__AIM OF THE TASK__: Return, from the data below, each line that contains the word "noteq".
--------
text \<open>Each query reveals at most one coin, which costs one more factor \<open>chi2_factor p1 p2\<close>.\<close>
lemma abs_coins_exp_diff_acc_le:
  assumes p: "0 \<le> p1" "p1 \<le> 1" "0 < p2" "p2 < 1" "t > 0"
  shows "T \<subseteq> U \<Longrightarrow> depends_on L T \<Longrightarrow> (\<And>\<theta>. L \<theta> \<ge> 0) \<Longrightarrow>
    \<bar>coins_exp U p1 (\<lambda>\<theta>. L \<theta> * acc A k h \<theta>) - coins_exp U p2 (\<lambda>\<theta>. L \<theta> * acc A k h \<theta>)\<bar>
      \<le> adv_bound U p1 p2 t (k + card T) L"
proof (induction k arbitrary: h T L)
  case 0
  define g where "g = pmf (decide A h) True"
  have "\<bar>coins_exp U p1 (\<lambda>\<theta>. L \<theta> * acc A 0 h \<theta>) - coins_exp U p2 (\<lambda>\<theta>. L \<theta> * acc A 0 h \<theta>)\<bar>
      = g * \<bar>coins_exp U p1 L - coins_exp U p2 L\<bar>"
    by (simp add: g_def abs_mult right_diff_distrib[symmetric] mult.commute)
  also have "\<dots> \<le> \<bar>coins_exp T p1 L - coins_exp T p2 L\<bar>"
    using finite_U "0.prems" by (simp add: g_def coins_exp_marginal mult_left_le_one_le pmf_le_1)
  also have "\<dots> \<le> adv_bound U p1 p2 t (0 + card T) L"
    using finite_U "0.prems" finite_subset[OF "0.prems"(1) finite_U]
    by (simp add: adv_bound_marginal abs_coins_exp_diff_le p)
  finally show ?case .
next
  case (Suc k)
  obtain c where c: "\<And>qu a. c qu a \<subseteq> U" "\<And>qu a. card (c qu a) \<le> 1"
    "\<And>qu a. depends_on (\<lambda>\<theta>. pmf (answer_pmf (D \<theta>) qu) a) (c qu a)"
    using pmf_answer_pmf_depends by metis
  let ?w = "\<lambda>qu a \<theta>. pmf (answer_pmf (D \<theta>) qu) a" and ?H = "\<lambda>qu a. acc A k (h @ [(qu, a)])"
  have "\<bar>coins_exp U p1 (\<lambda>\<theta>. L \<theta> * (\<Sum>a\<in>answers qu. ?w qu a \<theta> * ?H qu a \<theta>))
       - coins_exp U p2 (\<lambda>\<theta>. L \<theta> * (\<Sum>a\<in>answers qu. ?w qu a \<theta> * ?H qu a \<theta>))\<bar>
      \<le> adv_bound U p1 p2 t (Suc k + card T) L" for qu
  proof (rule abs_coins_exp_diff_mixture_le[where k = "\<lambda>a. k + card (T \<union> c qu a)"])
    show "k + card (T \<union> c qu a) \<le> Suc k + card T" for a
      using card_Un_le[of T "c qu a"] c(2)[of qu a] by linarith
    show "\<bar>coins_exp U p1 (\<lambda>\<theta>. L \<theta> * ?w qu a \<theta> * ?H qu a \<theta>)
        - coins_exp U p2 (\<lambda>\<theta>. L \<theta> * ?w qu a \<theta> * ?H qu a \<theta>)\<bar>
        \<le> adv_bound U p1 p2 t (k + card (T \<union> c qu a)) (\<lambda>\<theta>. L \<theta> * ?w qu a \<theta>)" for a
    proof (rule Suc.IH)
      show "T \<union> c qu a \<subseteq> U"
        using Suc.prems(1) c(1) by blast
      show "depends_on (\<lambda>\<theta>. L \<theta> * ?w qu a \<theta>) (T \<union> c qu a)"
        using Suc.prems(2) c(3) by (rule depends_on_mult)
      show "0 \<le> L \<theta> * ?w qu a \<theta>" for \<theta>
        using Suc.prems(3) by simp
    qed
    show "(\<Sum>a\<in>answers qu. ?w qu a \<theta>) = 1" for \<theta>
      using sum_pmf_eq_1[OF finite_answers set_pmf_answer_pmf] .
  qed (use finite_U finite_answers Suc.prems p in simp_all)
  then show ?case
    unfolding acc_Suc
  proof (intro abs_coins_exp_diff_integral_le finite_U)
    show "0 \<le> L \<theta>" for \<theta>
      by (rule Suc.prems(3))
    show "\<bar>pmf (answer_pmf (D \<theta>) qu \<bind> (\<lambda>a. run (D \<theta>) A k (h @ [(qu, a)]))) True\<bar> \<le> 1"
      for \<theta> qu
      by (simp add: pmf_le_1)
  qed (simp add: pmf_answer_bind)
qed
lemma upper_limit_in_Vnonpos:
  assumes in_V: "\<forall>i. \<rho> (upper (xs i)) v \<in> Vnonpos \<rho>"
    and w: "\<rho> (upper x) v = w0 + wm" "w0 \<in> eigsp \<rho> 0" "wm \<in> Vminus \<rho>"
    and t: "filterlim t at_top F"
    and g: "((\<lambda>i. exp ((real CARD('m) + 1) * t i) *\<^sub>R (xs i - x)) \<longlongrightarrow> g) F"
    and "F \<noteq> bot"
  shows "\<rho> (upper g) w0 \<in> Vnonpos \<rho>"
proof -
  have "a (t i) (\<rho> (upper (xs i)) v)
      = \<rho> (upper (exp ((real CARD('m) + 1) * t i) *\<^sub>R (xs i - x))) (w0 + a (t i) wm)" for i
  proof -
    have "\<rho> (upper (xs i)) v = \<rho> (upper (xs i - x)) (w0 + wm)"
      using rep_mult[OF upper_in_SL upper_in_SL, of "xs i - x" x v] w(1) by (simp add: upper_add)
    then show ?thesis
      using w(2) by (simp add: a_upper linear_add[OF linear_a] eigsp_iff)
  qed
  moreover have "((\<lambda>i. \<rho> (upper (exp ((real CARD('m) + 1) * t i) *\<^sub>R (xs i - x))) (w0 + a (t i) wm))
      \<longlongrightarrow> \<rho> (upper g) (w0 + 0)) F"
    by (intro tendsto_rep tendsto_upper g tendsto_add tendsto_const tendsto_a_Vminus[OF w(3) t])
       (auto simp: upper_in_SL)
  ultimately have "((\<lambda>i. a (t i) (\<rho> (upper (xs i)) v)) \<longlongrightarrow> \<rho> (upper g) w0) F"
    by simp
  then show ?thesis
    using in_V a_Vnonpos by (intro Lim_in_closed_set[OF closed_Vnonpos _ \<open>F \<noteq> bot\<close>]) auto
qed
lemma hasse_eval_vanishes_on_Fq_grid:
  fixes c :: "(nat \<Rightarrow> nat) \<Rightarrow> 'a :: field"
  assumes "2 \<le> n" "finite A"
    and V_full: "\<And>y. y \<in> V_full n \<Longrightarrow> hasse_eval n A (\<lambda>a. emb (c a)) j y = 0"
    and "\<forall>i<n. x i \<in> Fq_grid"
  shows "hasse_eval n A (\<lambda>a. emb (c a)) j x = 0"
proof -
  obtain u v where uv: "\<forall>i\<ge>n. u i = 0 \<and> v i = 0" and x: "\<forall>i<n. x i = emb (u i) * t1 + emb (v i) * t2"
    using Fq_grid_coordinates[OF assms(4)] by blast
  show ?thesis
  proof (cases "lin_indep2 n u v")
    case True
    have "hasse_eval n A (\<lambda>a. emb (c a)) j x
        = hasse_eval n A (\<lambda>a. emb (c a)) j (\<lambda>i. emb (u i) * t1 + emb (v i) * t2)"
      using x by (intro hasse_eval_cong) simp
    also have "\<dots> = 0" by (rule V_full[OF V_fullI[OF uv True]])
    finally show ?thesis .
  next
    case False
    moreover have "0 < n" using assms(1) by simp
    ultimately obtain w p q k where k: "k < n" "w k \<noteq> 0" and w: "\<forall>i<n. u i = p * w i \<and> v i = q * w i"
      using not_lin_indep2_decomp by blast
    define w' where "w' i = (if i < n then w i else 0)" for i
    obtain v' where v': "\<forall>i\<ge>n. v' i = 0" "lin_indep2 n w' v'"
      using lin_indep2_extend[OF assms(1) k(1), of w'] k unfolding w'_def by auto
    have "\<forall>i\<ge>n. w' i = 0 \<and> v' i = 0" using v'(1) unfolding w'_def by simp
    have "hasse_eval n A (\<lambda>a. emb (c a)) j x
        = hasse_eval n A (\<lambda>a. emb (c a)) j (\<lambda>i. emb (w' i) * (emb p * t1 + emb q * t2))"
      using x w unfolding w'_def by (intro hasse_eval_cong) (simp add: emb_mult algebra_simps)
    also have "\<dots> = 0"
      by (rule hasse_eval_scaled_point[OF assms(2) V_full[OF V_fullI]]) fact+
    finally show ?thesis .
  qed
qed

lemma Fq_indep_EVAL_W:
  assumes "2 \<le> n" "d < m * CARD('a :: {finite, field}) ^ 2"
  shows "Fq_indep (EVAL n :: _ \<Rightarrow> _ \<Rightarrow> 'a ratfun2) (EVAL_rows n m (V_full n)) (W d n)"
  unfolding Fq_indep_def
proof (intro allI impI ballI)
  fix c :: "(nat \<Rightarrow> nat) \<Rightarrow> 'a" and a
  assume rows: "\<forall>r\<in>EVAL_rows n m (V_full n). (\<Sum>k\<in>W d n. emb (c k) * EVAL n r k) = 0"
  assume "a \<in> W d n"
  have "emb (c a) = 0"
  proof (rule hasse_eval_vanishing_on_grid[OF finite_Fq_grid _ _ \<open>a \<in> W d n\<close>])
    show "d < m * card (Fq_grid :: 'a ratfun2 set)" using assms(2) by (simp add: card_Fq_grid)
    fix x :: "nat \<Rightarrow> 'a ratfun2" and j
    assume "\<forall>i<n. x i \<in> Fq_grid" "\<forall>i\<ge>n. j i = 0" "(\<Sum>i<n. j i) < m"
    moreover have "hasse_eval n (W d n) (\<lambda>a. emb (c a)) j y = 0" if "y \<in> V_full n" for y
    proof -
      have "(y, j) \<in> EVAL_rows n m (V_full n)"
        unfolding EVAL_rows_def using that \<open>\<forall>i\<ge>n. j i = 0\<close> \<open>(\<Sum>i<n. j i) < m\<close> by simp
      from rows[rule_format, OF this] show ?thesis unfolding EVAL_def hasse_eval_def by simp
    qed
    ultimately show "hasse_eval n (W d n) (\<lambda>a. emb (c a)) j x = 0"
      using hasse_eval_vanishes_on_Fq_grid[OF assms(1) finite_W] by blast
  qed
  then show "c a = 0" by (simp add: emb_eq_0_iff)
qed

lemma rank_Fq_eq_card:
  assumes "finite C" "Fq_indep M R C"
  shows "rank_Fq M R C = card C"
  unfolding rank_Fq_def
proof (rule Max_eqI)
  show "finite (card ` {D. D \<subseteq> C \<and> Fq_indep M R D})" using assms(1) by simp
qed (use assms in \<open>auto intro: card_mono\<close>)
--------
__YOUR SOLUTION__:
    and "F \<noteq> bot"
    using in_V a_Vnonpos by (intro Lim_in_closed_set[OF closed_Vnonpos _ \<open>F \<noteq> bot\<close>]) auto
    ultimately obtain w p q k where k: "k < n" "w k \<noteq> 0" and w: "\<forall>i<n. u i = p * w i \<and> v i = q * w i"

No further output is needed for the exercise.